London — Its slogan was ``Guinness is good for you.'' But in Britain's financial community these days, the mere name of the company, famous for its dark brown alcohol called stout, only spells trouble. In the wake of stunning allegations of illegal share dealings, the international brewing giant is at the center of the worst financial scandal here in years. As heads continue to roll in the City, London's Wall Street, the scandal has created serious political problems for Prime Minister Margaret Thatcher's government, well known for its support for big business.
``It's the biggest scandal that has ever happened in the City,'' says Philip Healey, publisher of Acquisitions Monthly. ``It's the first time that the Bank of England has asked so many top people to leave.''
The whole affair - which centers on attempts by Guinness to prop up its share price during a 2.5 billion takeover battle for Distillers Company, a whiskey concern - is being investigated by the Department of Trade and Industry.
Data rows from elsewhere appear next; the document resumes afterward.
(* In the setting of the context, suppose $G_2$ is a $p$-group and $S$ is a simple $KH_1$-module with $H_1^2=H_1$. Then $G_2'=H_2$ and $G_1''=G_1$.
   Context: $K$ is algebraically closed of characteristic zero; $G_2$ is a finite group with normal subgroups $G_1$, $H_2$, and $H_1=G_1\cap H_2$, all normal in $G_2$, with $G_2=G_1H_2$ and $[G_2:G_1]=[H_2:H_1]=p$. For a normal subgroup $N$ of a group $X$, an $N$-module $W$ and $x\in X$, ${}^xW$ is $W$ with action $n\cdot w=(x^{-1}nx)w$, and $I_X(W)=\{x\in X:{}^xW\cong W\}$. For a simple $KH_1$-module $S$: $H_1^2=I_{G_2}(S)$. When $H_1^2=H_1$, the modules $T=\operatorname{Ind}_{H_1}^{H_2}S$ (the $KH_2$-module $KH_2S$) and $T'=\operatorname{Ind}_{H_1}^{G_1}S$ (the $KG_1$-module $KG_1S$) are simple, and the decomposition groups are $G_2'=I_{G_2}(T)$ and $G_1''=I_{G_2}(T')$. *)

theory Defs
  imports "Jordan_Normal_Form.Matrix" "HOL-Algebra.Coset"
    "HOL-Computational_Algebra.Polynomial"
begin

text \<open>Finite-dimensional matrix representations of a subgroup N of a group G over a
field of scalars 'k.  A KN-module of dimension n is given by a homomorphism
N -> GL_n('k), represented by n x n matrices.\<close>

definition is_rep :: "('g,'b) monoid_scheme \<Rightarrow> 'g set \<Rightarrow> nat \<Rightarrow> ('g \<Rightarrow> 'k::field mat) \<Rightarrow> bool" where
  "is_rep G N n \<rho> \<longleftrightarrow>
     (\<forall>g\<in>N. \<rho> g \<in> carrier_mat n n) \<and> \<rho> \<one>\<^bsub>G\<^esub> = 1\<^sub>m n \<and>
     (\<forall>g\<in>N. \<forall>h\<in>N. \<rho> (g \<otimes>\<^bsub>G\<^esub> h) = \<rho> g * \<rho> h)"

definition invariant_subspace :: "'g set \<Rightarrow> nat \<Rightarrow> ('g \<Rightarrow> 'k::field mat) \<Rightarrow> 'k vec set \<Rightarrow> bool" where
  "invariant_subspace N n \<rho> W \<longleftrightarrow>
     W \<subseteq> carrier_vec n \<and> 0\<^sub>v n \<in> W \<and>
     (\<forall>v\<in>W. \<forall>w\<in>W. v + w \<in> W) \<and> (\<forall>c. \<forall>v\<in>W. c \<cdot>\<^sub>v v \<in> W) \<and>
     (\<forall>g\<in>N. \<forall>v\<in>W. \<rho> g *\<^sub>v v \<in> W)"

definition simple_rep :: "('g,'b) monoid_scheme \<Rightarrow> 'g set \<Rightarrow> nat \<Rightarrow> ('g \<Rightarrow> 'k::field mat) \<Rightarrow> bool" where
  "simple_rep G N n \<rho> \<longleftrightarrow> is_rep G N n \<rho> \<and> n > 0 \<and>
     (\<forall>W. invariant_subspace N n \<rho> W \<longrightarrow> W = {0\<^sub>v n} \<or> W = carrier_vec n)"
The DTI inquiry comes after the uncovering of illegal payments by Guinness to Ivan Boesky, the disgraced arbitrageur involved in the United States insider-trading scandal. Mr. Boesky told the US Securities and Exchange Commission that Guinness placed about $100 million in his investment partnership. The SEC reported this to the DTI under an information sharing agreement signed last fall.
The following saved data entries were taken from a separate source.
(* Let $n\ge 5$ be odd, $k=\frac{n-3}{2}$, $G=(V,E)=K_n$, and let $C=(v_1,\dots,v_{2k+1})$ be a cycle of length $n-2$ in $G$, with $s,t$ the two vertices of $G$ not on $C$. Then the $C$-induced constraint \[ x_{\{s,t\}}+k\cdot x(\delta(V(C)))+\sum_{e\in E[V\setminus\{s,t\}]}\ell(e)\,x_e\ \ge\ 2k+1 \] is valid for $P^{\uparrow}_{\mathrm{odd}}(G)$ and defines a facet of it.
   Context: $K_n$ is the complete graph on $n$ vertices. For a graph $G=(V,E)$, $P_{\mathrm{odd}}(G)=\operatorname{conv}\{\chi^D\colon D \text{ an odd cycle of } G\}$ and $P^{\uparrow}_{\mathrm{odd}}(G)=P_{\mathrm{odd}}(G)+\mathbb{R}^E_{\ge0}$. $\delta(V(C))$ is the set of edges with exactly one endpoint on $C$, $E[S]$ the set of edges with both endpoints in $S$, and $x(S)=\sum_{e\in S}x_e$. For $i\ne j$, $\ell(\{v_i,v_j\})=|j-i|$ if $|j-i|$ is odd and $\ell(\{v_i,v_j\})=2k+1-|j-i|$ otherwise (the length of the odd-length path on $C$ between $v_i$ and $v_j$). *)

theory Defs
  imports "HOL-Analysis.Analysis"
begin

text \<open>We use the coordinate space real^('v set); only the coordinates indexed by 2-element
  sets (the edges of K_n) are ever nonzero in the polyhedra below, so affine dimensions
  and faces coincide with those in R^E.\<close>

definition Kn_edges :: "'v::finite set set" where
  "Kn_edges = {e. card e = 2}"

definition odd_cycles :: "'v::finite set set set" where
  "odd_cycles = { {{u i, u ((i + 1) mod m)} | i. i < m} | u m.
                   3 \<le> (m::nat) \<and> odd m \<and> inj_on u {..<m} }"

definition chi :: "'v::finite set set \<Rightarrow> real ^ ('v set)" where
  "chi D = (\<chi> e. if e \<in> D then 1 else 0)"

definition P_odd :: "(real ^ ('v::finite set)) set" where
  "P_odd = convex hull (chi ` odd_cycles)"

definition nonneg_edge_cone :: "(real ^ ('v::finite set)) set" where
  "nonneg_edge_cone = {y. \<forall>e. 0 \<le> y $ e \<and> (e \<notin> (Kn_edges :: 'v set set) \<longrightarrow> y $ e = 0)}"

definition P_odd_up :: "(real ^ ('v::finite set)) set" where
  "P_odd_up = {a + b | a b. a \<in> P_odd \<and> b \<in> nonneg_edge_cone}"

text \<open>Length of the odd-length path on the cycle C = (v_1,...,v_(2k+1)) between v_i and v_j.\<close>
definition ell :: "nat \<Rightarrow> nat \<Rightarrow> nat \<Rightarrow> nat" where
  "ell k i j = (let d = (if i \<le> j then j - i else i - j) in
                 if odd d then d else 2 * k + 1 - d)"

definition C_lhs :: "nat \<Rightarrow> (nat \<Rightarrow> 'v::finite) \<Rightarrow> 'v \<Rightarrow> 'v \<Rightarrow> real ^ ('v set) \<Rightarrow> real" where
  "C_lhs k v s t x =
     x $ {s, t}
     + real k * (\<Sum>e\<in>{e \<in> Kn_edges. card (e \<inter> v ` {1..2*k+1}) = 1}. x $ e)
     + (\<Sum>(i, j)\<in>{(i, j). 1 \<le> i \<and> i < j \<and> j \<le> 2*k+1}. real (ell k i j) * x $ {v i, v j})"

end

theory Submission
  imports Defs
begin

(*
  Write the constraint as w . x >= 2k+1, where w is 1 on {s,t}, k on the spokes from s and t
  to C, and ell on the chords of C.

  Validity: an odd cycle through s or t leaves {s,t} and re-enters it along two spokes of
  weight k and has a further edge of weight at least 1. An odd cycle inside C visits
  v_(p_0), v_(p_1), ...; each chord length ell(p_i, p_(i+1)) is odd and, with a suitable sign,
  congruent to p_(i+1) - p_i modulo 2k+1. The signed lengths therefore add up to an odd
  multiple of 2k+1, so the weight of the cycle is at least 2k+1.

  Facet: the face is proper and P_odd_up lives in R^E. If some vector c of R^E has constant
  inner product with the characteristic vectors of all tight odd cycles, then c is a multiple
  of w: the triangles s t v_i, s v_i v_(i+1) and t v_i v_(i+1), chords closed by an arc of C,
  and triangles made of a chord, an edge of C and another chord force, step by step, the
  values of c on all edges. Hence the tight cycles span an affine space of codimension one.
*)

section \<open>Closed walks on a cycle\<close>

lemma sum_cyclic_differences:
  fixes p :: "nat \<Rightarrow> 'a::ab_group_add"
  shows "(\<Sum>i<m. p (Suc i mod m) - p i) = 0"
proof (cases m)
  case (Suc n)
  have "(\<Sum>i<m. p (Suc i mod m)) = (\<Sum>i<n. p (Suc i)) + p 0"
    by (simp add: Suc)
  also have "\<dots> = (\<Sum>i<m. p i)"
    unfolding Suc sum.lessThan_Suc_shift by (simp add: add.commute)
  finally show ?thesis by (simp add: sum_subtractf)
qed simp

lemma abs_modulus_le_odd_closed_walk:
  fixes g p :: "nat \<Rightarrow> int" and N :: int
  assumes "odd m"
    and odd_step: "\<And>i. i < m \<Longrightarrow> odd (g i)"
    and step_mod: "\<And>i. i < m \<Longrightarrow> N dvd g i - (p (Suc i mod m) - p i)"
  shows "\<bar>N\<bar> \<le> (\<Sum>i<m. \<bar>g i\<bar>)"
proof -
  have "N dvd (\<Sum>i<m. g i - (p (Suc i mod m) - p i))"
    using step_mod by (intro dvd_sum) simp
  then have "N dvd (\<Sum>i<m. (g i - (p (Suc i mod m) - p i)) + (p (Suc i mod m) - p i))"
    unfolding sum.distrib sum_cyclic_differences by simp
  then have "N dvd (\<Sum>i<m. g i)"
    by simp
  moreover have "{i \<in> {..<m}. odd (g i)} = {..<m}"
    using odd_step by auto
  then have "odd (\<Sum>i<m. g i)"
    using \<open>odd m\<close> by (simp add: even_sum_iff)
  ultimately have "\<bar>N\<bar> \<le> \<bar>\<Sum>i<m. g i\<bar>"
    by (intro dvd_imp_le_int) auto
  also have "\<dots> \<le> (\<Sum>i<m. \<bar>g i\<bar>)"
    by (rule sum_abs)
  finally show ?thesis .
qed

lemma cyclic_transition:
  assumes "i < m" "P i" "j < m" "\<not> P j"
  obtains l where "l < m" "P l" "\<not> P (Suc l mod m)"
proof -
  have reach: "P ((i + d) mod m)" if no_exit: "\<forall>l<m. P l \<longrightarrow> P (Suc l mod m)" for d
  proof (induction d)
    case (Suc d)
    then have "P (Suc ((i + d) mod m) mod m)"
      using no_exit \<open>i < m\<close> by simp
    then show ?case
      by (simp add: mod_Suc_eq)
  qed (use assms in simp)
  have "(i + (j + m - i)) mod m = j"
    using assms(1,3) by simp
  then show thesis
    using reach[of "j + m - i"] assms(4) that by auto
qed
Boesky also reportedly told the SEC about a share-support operation by Guinness to buy 25 million (about $38 million) of its own shares during the takeover battle for distillers.
The attempt to boost Guinness shares helped make the company's offer price more attractive to Distillers shareholders, enabling Guinness to defeat a rival bid by Argyll Foods PLC, a supermarket chain.
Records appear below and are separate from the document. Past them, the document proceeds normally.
lemma eqv_contract:
  "eqv \<alpha> \<beta> \<Longrightarrow> contractible \<alpha> a b \<Longrightarrow> \<exists>z. eqv (contract \<alpha> a b) z \<and> up z \<beta>"
proof (induction arbitrary: a b rule: eqv.induct)
  case eqv_empty
  then show ?case by (simp add: contractible_def)
next
  case (eqv_leaf \<phi>)
  then show ?case by (auto simp: contractible_def leaf_def strict_prefix_def split: if_splits)
next
  case (eqv_app \<alpha>\<^sub>1 \<beta>\<^sub>1 \<alpha>\<^sub>2 \<beta>\<^sub>2 \<phi>)
  then show ?case by (intro eqv_app_contract)
next
  case (eqv_star as n bs als bes)
  have eqv_i: "eqv (als ! j) (bes ! j)" if "j < n" for j
    using eqv_star.IH that by blast
  have as: "pw_incomp as" "length als = length as" using eqv_star.hyps by simp_all
  obtain i a' b' where i: "i < length as" "contractible (als ! i) a' b'"
    and contr: "contract (star as als) a b = star as (als[i := contract (als ! i) a' b'])"
    using contractible_star_cases[OF as eqv_star.prems] .
  define c where "c = contract (als ! i) a' b'"
  obtain z where z: "eqv c z" "up z (bes ! i)" using eqv_star.IH i eqv_star.hyps(1) c_def by blast
  have c_ne: "c \<noteq> Map.empty" unfolding c_def using i(2) by (rule contract_nonempty)
  have "eqv (star as (als[i := c])) (star bs (bes[i := z]))"
    using eqv_star.hyps eqv_i i(1) z(1) c_ne eqv_empty_iff[OF z(1)]
    by (intro eqv.eqv_star[where n = n]) (auto simp: nth_list_update)
  moreover have "up (star bs (bes[i := z])) (star bs bes)"
  proof -
    have "blueprint (bes ! j)" if "j < n" for j using eqv_blueprints[OF eqv_i[OF that]] by simp
    then have "\<forall>x\<in>set bes. blueprint x" using eqv_star.hyps(4) by (auto simp: in_set_conv_nth)
    moreover have "als ! i \<noteq> Map.empty" using contractible_dom[OF i(2)] by auto
    then have "bes ! i \<noteq> Map.empty"
      using eqv_empty_iff[OF eqv_i] i(1) eqv_star.hyps(1) by simp
    ultimately show ?thesis
      using up_star_update[of bs bes i z "bes ! i"] eqv_star.hyps i(1) z(2) by simp
  qed
  ultimately show ?case unfolding contr c_def[symmetric] by blast
qed

section \<open>Contractions commute with \<open>\<curvearrowleft>\<^sub>1\<close>\<close>

lemma curv_nonempty: "curv m \<alpha> \<beta> \<Longrightarrow> \<alpha> \<noteq> Map.empty \<Longrightarrow> \<beta> \<noteq> Map.empty"
  by (metis curv_map_le map_le_antisym map_le_empty)

lemma curv_reflcl_app_1:
  assumes "(curv m)\<^sup>=\<^sup>= \<alpha> \<beta>" "\<alpha> \<noteq> Map.empty" "blueprint \<gamma>" "\<gamma> \<noteq> Map.empty"
  shows "(curv m)\<^sup>=\<^sup>= (app \<phi> \<alpha> \<gamma>) (app \<phi> \<beta> \<gamma>)"
  using assms curv_nonempty by (auto intro: curv.curv_app1)

lemma curv_reflcl_app_2:
  assumes "(curv m)\<^sup>=\<^sup>= \<alpha> \<beta>" "\<alpha> \<noteq> Map.empty" "blueprint \<gamma>" "\<gamma> \<noteq> Map.empty"
  shows "(curv m)\<^sup>=\<^sup>= (app \<phi> \<gamma> \<alpha>) (app \<phi> \<gamma> \<beta>)"
  using assms curv_nonempty by (auto intro: curv.curv_app2)

lemma up_rooted_in: "up \<alpha> \<beta> \<Longrightarrow> rooted_in as \<beta> \<Longrightarrow> rooted_in as \<alpha>"
  unfolding rooted_in_def by (meson up_dom prefix_order.order_trans)

lemma curv_graft_parallel:
  assumes "curv m \<alpha> \<beta>" "rooted_in as \<alpha>" "rooted_in bs \<beta>"
    and "pw_incomp (as @ [c])" "pw_incomp (bs @ [c])"
    and "\<forall>a\<in>set (as @ [c]). is_addr a" "\<forall>b\<in>set (bs @ [c]). is_addr b"
    and "blueprint \<gamma>" "\<gamma> \<noteq> Map.empty"
  shows "curv m (graft \<alpha> c \<gamma>) (graft \<beta> c \<gamma>)"
proof -
  have star: "star as (map (restr \<alpha>) as) = \<alpha>" "star bs (map (restr \<beta>) bs) = \<beta>"
    using assms(2,3) by (simp_all add: star_restr_eq)
  have "blueprint \<alpha>" "blueprint \<beta>" using curv_blueprints[OF assms(1)] by simp_all
  then have "curv m (star (as @ [c]) (map (restr \<alpha>) as @ [\<gamma>])) (star (bs @ [c]) (map (restr \<beta>) bs @ [\<gamma>]))"
    using assms star by (intro curv.curv_star) (auto simp: blueprint_restr)
  then show ?thesis using assms(4,5) star star_snoc by (metis length_map)
qed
Guinness has launched its own investigation into these payments and has acknowledged that 11 parties - including British, Austrian, Indian, Swiss, American, and offshore companies - were involved in what is believed to have been an unlawful massive exercise in stock manipulation. The most recent disclosures focus on these payments.
Among the first to admit involvement in share supporting was Heron International PLC, a financial services company which has been involved in several other takeover fights. Heron recently repaid 5.8 million to Guinness.
Heron said it was told any loss on its purchases would be covered by Guinness. If Guinness won the bid, Heron would receive a 5 million ``success fee'' and 800,000 ($1.2 million) for market losses and expenses.
Before Heron's admission, the Zurich-based Bank Leu, one of Switzerland's oldest banks, said it had bought Guinness shares and was given similar assurances of indemnity. Guinness made a 50 million deposit with Bank Leu, which bought 41 million of Guinness shares.
Another payment made by Guinness remains the source of sharply differing claims. Henry Ansbacher & Co., an investment bank, was given 7.6 million, which it says was used to reimburse clients who had purchased Guinness shares during the takeover bid.
After initially insisting the money was given to Ansbacher solely as a deposit, Guinness now says uncertainty surrounds ownership of these shares.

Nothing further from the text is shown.